WORK ORDER => From the data below, return the exact lines starting at the line containing "define u where" and ending at the line containing "mu_i_hom by simp", both included, and nothing else.

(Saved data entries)
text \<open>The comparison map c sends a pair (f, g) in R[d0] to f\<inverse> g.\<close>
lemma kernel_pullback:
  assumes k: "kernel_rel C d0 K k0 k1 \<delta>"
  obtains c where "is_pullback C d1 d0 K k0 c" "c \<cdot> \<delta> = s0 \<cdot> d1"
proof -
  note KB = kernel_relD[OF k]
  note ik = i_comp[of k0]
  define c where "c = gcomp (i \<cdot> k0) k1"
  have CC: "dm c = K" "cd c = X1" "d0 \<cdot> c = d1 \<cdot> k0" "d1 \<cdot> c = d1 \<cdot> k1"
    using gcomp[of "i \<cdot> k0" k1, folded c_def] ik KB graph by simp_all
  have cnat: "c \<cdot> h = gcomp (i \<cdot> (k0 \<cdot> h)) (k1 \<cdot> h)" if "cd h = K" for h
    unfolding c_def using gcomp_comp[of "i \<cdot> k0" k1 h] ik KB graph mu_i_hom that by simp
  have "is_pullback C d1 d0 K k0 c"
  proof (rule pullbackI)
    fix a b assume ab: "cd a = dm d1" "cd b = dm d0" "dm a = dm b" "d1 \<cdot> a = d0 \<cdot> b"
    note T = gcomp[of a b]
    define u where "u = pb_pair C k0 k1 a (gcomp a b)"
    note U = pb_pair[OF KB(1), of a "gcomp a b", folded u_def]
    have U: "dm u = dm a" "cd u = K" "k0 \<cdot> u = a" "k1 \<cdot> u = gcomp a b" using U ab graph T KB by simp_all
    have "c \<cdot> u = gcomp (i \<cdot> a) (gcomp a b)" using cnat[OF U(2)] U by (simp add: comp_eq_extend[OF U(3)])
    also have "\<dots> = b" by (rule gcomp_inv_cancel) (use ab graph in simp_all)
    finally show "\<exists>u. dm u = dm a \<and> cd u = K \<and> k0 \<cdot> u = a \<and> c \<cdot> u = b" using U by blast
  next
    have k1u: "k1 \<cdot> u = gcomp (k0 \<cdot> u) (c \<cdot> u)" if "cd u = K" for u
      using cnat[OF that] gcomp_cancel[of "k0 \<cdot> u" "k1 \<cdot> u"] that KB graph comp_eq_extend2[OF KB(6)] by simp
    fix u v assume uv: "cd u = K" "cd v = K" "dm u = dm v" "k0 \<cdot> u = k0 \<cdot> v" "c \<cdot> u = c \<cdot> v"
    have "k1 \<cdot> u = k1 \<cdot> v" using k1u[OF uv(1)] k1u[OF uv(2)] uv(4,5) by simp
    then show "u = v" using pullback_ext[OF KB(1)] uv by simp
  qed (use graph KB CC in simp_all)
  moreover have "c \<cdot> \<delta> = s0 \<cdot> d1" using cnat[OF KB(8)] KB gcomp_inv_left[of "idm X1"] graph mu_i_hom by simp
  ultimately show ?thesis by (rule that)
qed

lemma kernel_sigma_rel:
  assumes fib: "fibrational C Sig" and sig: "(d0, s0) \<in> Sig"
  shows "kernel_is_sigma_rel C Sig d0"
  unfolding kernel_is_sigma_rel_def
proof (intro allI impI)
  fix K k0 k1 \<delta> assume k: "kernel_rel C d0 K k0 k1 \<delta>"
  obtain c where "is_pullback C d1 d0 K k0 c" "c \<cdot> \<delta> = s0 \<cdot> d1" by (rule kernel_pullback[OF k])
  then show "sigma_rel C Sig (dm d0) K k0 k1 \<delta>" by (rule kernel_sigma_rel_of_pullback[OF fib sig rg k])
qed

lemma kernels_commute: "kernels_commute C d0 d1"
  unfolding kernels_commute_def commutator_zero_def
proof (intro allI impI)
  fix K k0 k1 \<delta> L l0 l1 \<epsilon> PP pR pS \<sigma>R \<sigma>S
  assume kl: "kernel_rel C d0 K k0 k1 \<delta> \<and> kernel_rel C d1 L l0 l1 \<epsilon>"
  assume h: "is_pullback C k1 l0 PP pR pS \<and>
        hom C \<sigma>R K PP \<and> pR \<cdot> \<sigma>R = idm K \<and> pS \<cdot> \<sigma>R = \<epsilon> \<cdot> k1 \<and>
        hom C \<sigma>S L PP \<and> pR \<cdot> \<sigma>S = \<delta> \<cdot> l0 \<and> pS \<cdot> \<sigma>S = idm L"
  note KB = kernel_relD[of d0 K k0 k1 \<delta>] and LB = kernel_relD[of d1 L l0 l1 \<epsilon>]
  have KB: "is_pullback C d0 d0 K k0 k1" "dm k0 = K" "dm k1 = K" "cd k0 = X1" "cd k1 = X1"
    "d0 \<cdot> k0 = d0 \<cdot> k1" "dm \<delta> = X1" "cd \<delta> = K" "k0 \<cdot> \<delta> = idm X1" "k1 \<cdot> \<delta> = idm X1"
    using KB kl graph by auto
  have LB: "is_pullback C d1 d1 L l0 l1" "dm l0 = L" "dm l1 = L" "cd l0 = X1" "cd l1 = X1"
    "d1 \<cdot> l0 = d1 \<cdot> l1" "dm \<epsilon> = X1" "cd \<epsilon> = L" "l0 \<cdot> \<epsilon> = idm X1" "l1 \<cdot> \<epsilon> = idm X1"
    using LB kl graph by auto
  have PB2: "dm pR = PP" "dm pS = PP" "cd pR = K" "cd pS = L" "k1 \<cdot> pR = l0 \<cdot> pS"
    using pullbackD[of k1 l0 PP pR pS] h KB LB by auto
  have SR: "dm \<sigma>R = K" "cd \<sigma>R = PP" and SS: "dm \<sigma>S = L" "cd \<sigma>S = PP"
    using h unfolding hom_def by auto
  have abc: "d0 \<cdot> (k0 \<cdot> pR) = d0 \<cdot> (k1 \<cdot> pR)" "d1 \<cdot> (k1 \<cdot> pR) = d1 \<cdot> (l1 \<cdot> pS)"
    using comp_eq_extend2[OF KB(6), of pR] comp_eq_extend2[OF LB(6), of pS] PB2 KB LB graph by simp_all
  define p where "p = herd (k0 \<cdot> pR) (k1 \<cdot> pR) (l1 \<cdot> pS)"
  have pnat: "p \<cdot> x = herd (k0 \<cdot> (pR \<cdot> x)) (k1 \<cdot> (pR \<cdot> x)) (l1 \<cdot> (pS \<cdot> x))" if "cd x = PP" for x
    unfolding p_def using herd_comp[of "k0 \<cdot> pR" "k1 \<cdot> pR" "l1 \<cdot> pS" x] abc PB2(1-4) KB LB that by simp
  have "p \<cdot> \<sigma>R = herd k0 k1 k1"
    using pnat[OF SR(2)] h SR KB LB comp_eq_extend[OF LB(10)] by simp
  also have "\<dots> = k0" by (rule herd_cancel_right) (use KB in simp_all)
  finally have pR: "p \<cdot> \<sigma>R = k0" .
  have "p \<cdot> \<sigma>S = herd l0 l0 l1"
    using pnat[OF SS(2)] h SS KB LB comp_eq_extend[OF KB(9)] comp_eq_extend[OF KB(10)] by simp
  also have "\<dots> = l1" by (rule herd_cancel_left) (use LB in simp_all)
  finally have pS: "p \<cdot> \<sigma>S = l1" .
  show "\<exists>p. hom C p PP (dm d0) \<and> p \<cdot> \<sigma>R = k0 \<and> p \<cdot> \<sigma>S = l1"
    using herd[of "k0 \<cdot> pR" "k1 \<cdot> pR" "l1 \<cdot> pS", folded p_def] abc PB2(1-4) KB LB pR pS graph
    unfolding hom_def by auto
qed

TASK RESPONSE =>
    define u where "u = pb_pair C k0 k1 a (gcomp a b)"
    note U = pb_pair[OF KB(1), of a "gcomp a b", folded u_def]
    have U: "dm u = dm a" "cd u = K" "k0 \<cdot> u = a" "k1 \<cdot> u = gcomp a b" using U ab graph T KB by simp_all
    have "c \<cdot> u = gcomp (i \<cdot> a) (gcomp a b)" using cnat[OF U(2)] U by (simp add: comp_eq_extend[OF U(3)])
    also have "\<dots> = b" by (rule gcomp_inv_cancel) (use ab graph in simp_all)
    finally show "\<exists>u. dm u = dm a \<and> cd u = K \<and> k0 \<cdot> u = a \<and> c \<cdot> u = b" using U by blast
  next
    have k1u: "k1 \<cdot> u = gcomp (k0 \<cdot> u) (c \<cdot> u)" if "cd u = K" for u
      using cnat[OF that] gcomp_cancel[of "k0 \<cdot> u" "k1 \<cdot> u"] that KB graph comp_eq_extend2[OF KB(6)] by simp
    fix u v assume uv: "cd u = K" "cd v = K" "dm u = dm v" "k0 \<cdot> u = k0 \<cdot> v" "c \<cdot> u = c \<cdot> v"
    have "k1 \<cdot> u = k1 \<cdot> v" using k1u[OF uv(1)] k1u[OF uv(2)] uv(4,5) by simp
    then show "u = v" using pullback_ext[OF KB(1)] uv by simp
  qed (use graph KB CC in simp_all)
  moreover have "c \<cdot> \<delta> = s0 \<cdot> d1" using cnat[OF KB(8)] KB gcomp_inv_left[of "idm X1"] graph mu_i_hom by simp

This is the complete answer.